YOUR ASSIGNMENT
Exactly reproduce the lines from the one holding "using delta_cong that by blast" through the final line of the listing below, with both ends included and nothing else.

SOURCE DATA
definition partial :: "'n::finite \<Rightarrow> (real^'n \<Rightarrow> 'b::real_normed_vector) \<Rightarrow> real^'n \<Rightarrow> 'b" where
  "partial i f x = vector_derivative (\<lambda>t. f (x + t *\<^sub>R axis i 1)) (at 0)"

text \<open>Iterated partial derivative along a list of directions; a multi-index alpha
  corresponds to any list with count i = alpha i, and |alpha| = length.\<close>

primrec pderivs :: "'n::finite list \<Rightarrow> (real^'n \<Rightarrow> 'b::real_normed_vector) \<Rightarrow> real^'n \<Rightarrow> 'b" where
  "pderivs [] f = f"
| "pderivs (i # is) f = partial i (pderivs is f)"

definition Ck :: "enat \<Rightarrow> (real^'n::finite \<Rightarrow> 'b::real_normed_vector) \<Rightarrow> bool" where
  "Ck k f \<longleftrightarrow>
     (\<forall>ds. enat (length ds) < k \<longrightarrow> (\<forall>i x. has_partial i (pderivs ds f) x)) \<and>
     (\<forall>ds. enat (length ds) \<le> k \<longrightarrow> continuous_on UNIV (pderivs ds f))"

definition jb :: "real^'n::finite \<Rightarrow> real" where
  "jb \<xi> = sqrt (1 + (norm \<xi>)\<^sup>2)"

text \<open>Operator norm on L(C^l) = l x l complex matrices acting on C^l.\<close>
definition opnorm :: "complex^'l::finite^'l \<Rightarrow> real" where
  "opnorm A = onorm (\<lambda>v::complex^'l. A *v v)"

text \<open>Hoelder norm C^{mt,tau} of a matrix-valued function (extended-real valued,
  so that it may be infinite).\<close>
definition holder_norm :: "nat \<Rightarrow> real \<Rightarrow> (real^'n::finite \<Rightarrow> complex^'l::finite^'l) \<Rightarrow> ereal" where
  "holder_norm mt \<tau> f =
     (SUP ds \<in> {ds::'n list. length ds \<le> mt}.
        (SUP x. ereal (opnorm (pderivs ds f x))) +
        (SUP p \<in> {(x, y). x \<noteq> y}.
           ereal (opnorm (pderivs ds f (fst p) - pderivs ds f (snd p)) / norm (fst p - snd p) powr \<tau>)))"

text \<open>The symbol class C^{mt,tau} S^m_{rho,delta}(R^n x R^n; M; L(C^l)).
  a x xi is the symbol; derivatives in xi are taken of a x, derivatives in x of
  (\<lambda>y. ... y ...).\<close>
definition symbol_class ::
  "nat \<Rightarrow> real \<Rightarrow> real \<Rightarrow> real \<Rightarrow> real \<Rightarrow> enat \<Rightarrow>
   (real^'n::finite \<Rightarrow> real^'n \<Rightarrow> complex^'l::finite^'l) \<Rightarrow> bool" where
  "symbol_class mt \<tau> m \<rho> \<delta> M a \<longleftrightarrow>
     (\<forall>bs. length bs \<le> mt \<longrightarrow> (\<forall>x. Ck M (\<lambda>\<xi>. pderivs bs (\<lambda>y. a y \<xi>) x))) \<and>
     (\<forall>bs as. length bs \<le> mt \<longrightarrow> enat (length as) \<le> M \<longrightarrow>
        continuous_on UNIV (\<lambda>(x, \<xi>). pderivs bs (\<lambda>y. pderivs as (a y) \<xi>) x)) \<and>
     (\<forall>as. enat (length as) \<le> M \<longrightarrow>
        (\<forall>bs i \<xi> x. length bs < mt \<longrightarrow>
            has_partial i (pderivs bs (\<lambda>y. pderivs as (a y) \<xi>)) x) \<and>
        (\<exists>C. (\<forall>x \<xi>. opnorm (pderivs as (a x) \<xi>) \<le> C * jb \<xi> powr (m - \<rho> * real (length as))) \<and>
             (\<forall>\<xi>. holder_norm mt \<tau> (\<lambda>x. pderivs as (a x) \<xi>)
                    \<le> ereal (C * jb \<xi> powr (m - \<rho> * real (length as) + \<delta> * (real mt + \<tau>))))))"

end

theory Submission imports Defs begin
lemma card_edge_labels_add_edge_bottoms:
  assumes "finite V" "K \<subseteq> Pow V" "x \<in> edge_labels K"
  shows "card (edge_labels K) + card (edge_bottoms K x) \<le> card K"
proof -
  define K' where "K' = (\<lambda>S. S - {x}) ` K"
  have "K' \<subseteq> Pow V" "K' \<noteq> {}"
    using assms(2,3) unfolding K'_def edge_labels_def edge_bottoms_def by auto
  then have "card (edge_labels K') < card K'" using card_edge_labels_less[OF assms(1)] by blast
  moreover have "finite K" using assms(1,2) by (meson finite_Pow_iff finite_subset)
  ultimately show ?thesis
    using card_remove_image[of K x] card_edge_labels_le_remove_image[OF assms]
    unfolding K'_def by linarith
qed

inductive buildable :: "'a set set \<Rightarrow> 'a set \<Rightarrow> bool" for F where
  buildable_empty: "buildable F {}"
| buildable_insert: "buildable F S \<Longrightarrow> x \<notin> S \<Longrightarrow> insert x S \<in> F \<Longrightarrow> buildable F (insert x S)"

lemma buildable_mem: "buildable F S \<Longrightarrow> {} \<in> F \<Longrightarrow> S \<in> F"
  by (induction rule: buildable.induct) auto

lemma buildable_edge:
  "buildable F S \<Longrightarrow> x \<in> S \<Longrightarrow> \<exists>B. buildable F B \<and> x \<notin> B \<and> insert x B \<in> F"
  by (induction rule: buildable.induct) blast+

text \<open>The equality case of card_edge_labels_less.\<close>

locale tight_family =
  fixes V :: "'a set" and F :: "'a set set"
  assumes finite_V: "finite V"
    and family_subset: "F \<subseteq> Pow V"
    and empty_mem: "{} \<in> F"
    and card_family: "card F = Suc (card V)"
    and subset_edge_labels: "V \<subseteq> edge_labels F"
begin

lemma finite_family: "finite F"
  using finite_V family_subset by (meson finite_Pow_iff finite_subset)

lemma edge_labels_eq: "edge_labels F = V"
  using edge_labels_subset[OF family_subset] subset_edge_labels by blast

lemma edge_bottoms_unique:
  assumes "S \<in> edge_bottoms F x" "S' \<in> edge_bottoms F x"
  shows "S = S'"
proof -
  have "x \<in> V" using assms(1) edge_labels_eq unfolding edge_labels_def by auto
  then have "card V + card (edge_bottoms F x) \<le> card F"
    using card_edge_labels_add_edge_bottoms[OF finite_V family_subset] edge_labels_eq by metis
  then have "card (edge_bottoms F x) \<le> 1" using card_family by simp
  moreover have "finite (edge_bottoms F x)" using finite_family unfolding edge_bottoms_def by simp
  ultimately show ?thesis using assms card_le_Suc0_iff_eq by (metis One_nat_def)
qed
lemma own_price_response_mono:
  assumes le: "\<forall>k<n. mu k \<le> mu' k" and j: "j < n"
  shows "own_price_response mu j \<le> own_price_response mu' j"
proof (rule ccontr)
  define t t' where "t = own_price_response mu j" and "t' = own_price_response mu' j"
  assume "\<not> own_price_response mu j \<le> own_price_response mu' j"
  then have "t' < t" by (simp add: t_def t'_def)
  have "(mu(j := t)) j \<le> (mu'(j := t')) j"
  proof (rule price_consistent_le[OF j, where nu = "mu(j := t)" and nu' = "mu'(j := t')"])
    show "price_consistent (mu(j := t)) j" "price_consistent (mu'(j := t')) j"
      using own_price_response[OF j] by (simp_all add: t_def t'_def)
    show "\<forall>k<n. (mu'(j := t')) j - (mu'(j := t')) k \<le> (mu(j := t)) j - (mu(j := t)) k"
      using le \<open>t' < t\<close> by auto
  qed
  then show False using \<open>t' < t\<close> by simp
qed

lemma price_equilibrium_exists: "\<exists>mu. price_equilibrium mu"
proof -
  obtain mu where "\<forall>k<n. mu k = own_price_response mu k"
    using mono_box_map_has_fixed_point[of n 0 own_price_response T]
      own_price_response own_price_response_mono by blast
  then have "price_consistent mu k" if "k < n" for k
    using own_price_response[OF that, of mu] that by (metis fun_upd_triv)
  then show ?thesis by (auto simp: price_equilibrium_def)
qed

lemma equilibrium_exists: "\<exists>X q mu. equilibrium n m kappa c T eps r X q mu"
proof -
  obtain mu where "price_equilibrium mu" using price_equilibrium_exists by blast
  then have "equilibrium n m kappa c T eps r (logit_flow mu) (\<lambda>j. T * demand mu j) mu"
    by (simp add: equilibrium_iff_price_equilibrium)
  then show ?thesis by blast
qed

lemma equilibrium_unique:
  assumes "equilibrium n m kappa c T eps r X q mu" "equilibrium n m kappa c T eps r X' q' mu'"
  shows "(\<forall>i<m. \<forall>j<n. X' i j = X i j) \<and> (\<forall>j<n. q' j = q j \<and> mu' j = mu j)"
proof -
  have same: "\<forall>k<n. mu' k = mu k"
    using assms price_equilibrium_unique by (simp add: equilibrium_iff_price_equilibrium)
  then have "delta n kappa eps mu' i j = delta n kappa eps mu i j" if "j < n" for i j
    using delta_cong that by blast
  moreover from this have "demand mu' j = demand mu j" if "j < n" for j
    using that by (simp add: demand_def)
  ultimately show ?thesis
    using assms same by (simp add: equilibrium_iff_price_equilibrium)
qed

end

theorem theorem1:
  fixes n m :: nat and c r mu_s q_s :: "nat \<Rightarrow> real" and T eps :: real
    and kappa X_s :: "nat \<Rightarrow> nat \<Rightarrow> real"
  assumes "n \<ge> 1" and "m \<ge> 1"
    and "\<forall>j<n. c j > 0" and "T > 0" and "eps > 0"
    and "\<forall>i<m. r i > 0"
    and "\<forall>i<m. \<forall>j<n. kappa i j \<ge> 0"
  shows "(saddle_point n m kappa c T eps r X_s q_s mu_s
            \<longleftrightarrow> equilibrium n m kappa c T eps r X_s q_s mu_s)
       \<and> (\<exists>X q mu. equilibrium n m kappa c T eps r X q mu
            \<and> (\<forall>X' q' mu'. equilibrium n m kappa c T eps r X' q' mu' \<longrightarrow>
                 (\<forall>i<m. \<forall>j<n. X' i j = X i j) \<and> (\<forall>j<n. q' j = q j \<and> mu' j = mu j)))"
proof -
  interpret charging_network n m kappa c r T eps
    using assms by unfold_locales auto
  obtain X q mu where "equilibrium n m kappa c T eps r X q mu"
    using equilibrium_exists by blast
  then show ?thesis using saddle_point_iff_equilibrium equilibrium_unique by blast
qed

end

RESPONSE TO THE EXERCISE
    using delta_cong that by blast
  moreover from this have "demand mu' j = demand mu j" if "j < n" for j
    using that by (simp add: demand_def)
  ultimately show ?thesis
    using assms same by (simp add: equilibrium_iff_price_equilibrium)
qed

end

theorem theorem1:
  fixes n m :: nat and c r mu_s q_s :: "nat \<Rightarrow> real" and T eps :: real
    and kappa X_s :: "nat \<Rightarrow> nat \<Rightarrow> real"
  assumes "n \<ge> 1" and "m \<ge> 1"
    and "\<forall>j<n. c j > 0" and "T > 0" and "eps > 0"
    and "\<forall>i<m. r i > 0"
    and "\<forall>i<m. \<forall>j<n. kappa i j \<ge> 0"
  shows "(saddle_point n m kappa c T eps r X_s q_s mu_s
            \<longleftrightarrow> equilibrium n m kappa c T eps r X_s q_s mu_s)
       \<and> (\<exists>X q mu. equilibrium n m kappa c T eps r X q mu
            \<and> (\<forall>X' q' mu'. equilibrium n m kappa c T eps r X' q' mu' \<longrightarrow>
                 (\<forall>i<m. \<forall>j<n. X' i j = X i j) \<and> (\<forall>j<n. q' j = q j \<and> mu' j = mu j)))"
proof -
  interpret charging_network n m kappa c r T eps
    using assms by unfold_locales auto
  obtain X q mu where "equilibrium n m kappa c T eps r X q mu"
    using equilibrium_exists by blast
  then show ?thesis using saddle_point_iff_equilibrium equilibrium_unique by blast
qed

end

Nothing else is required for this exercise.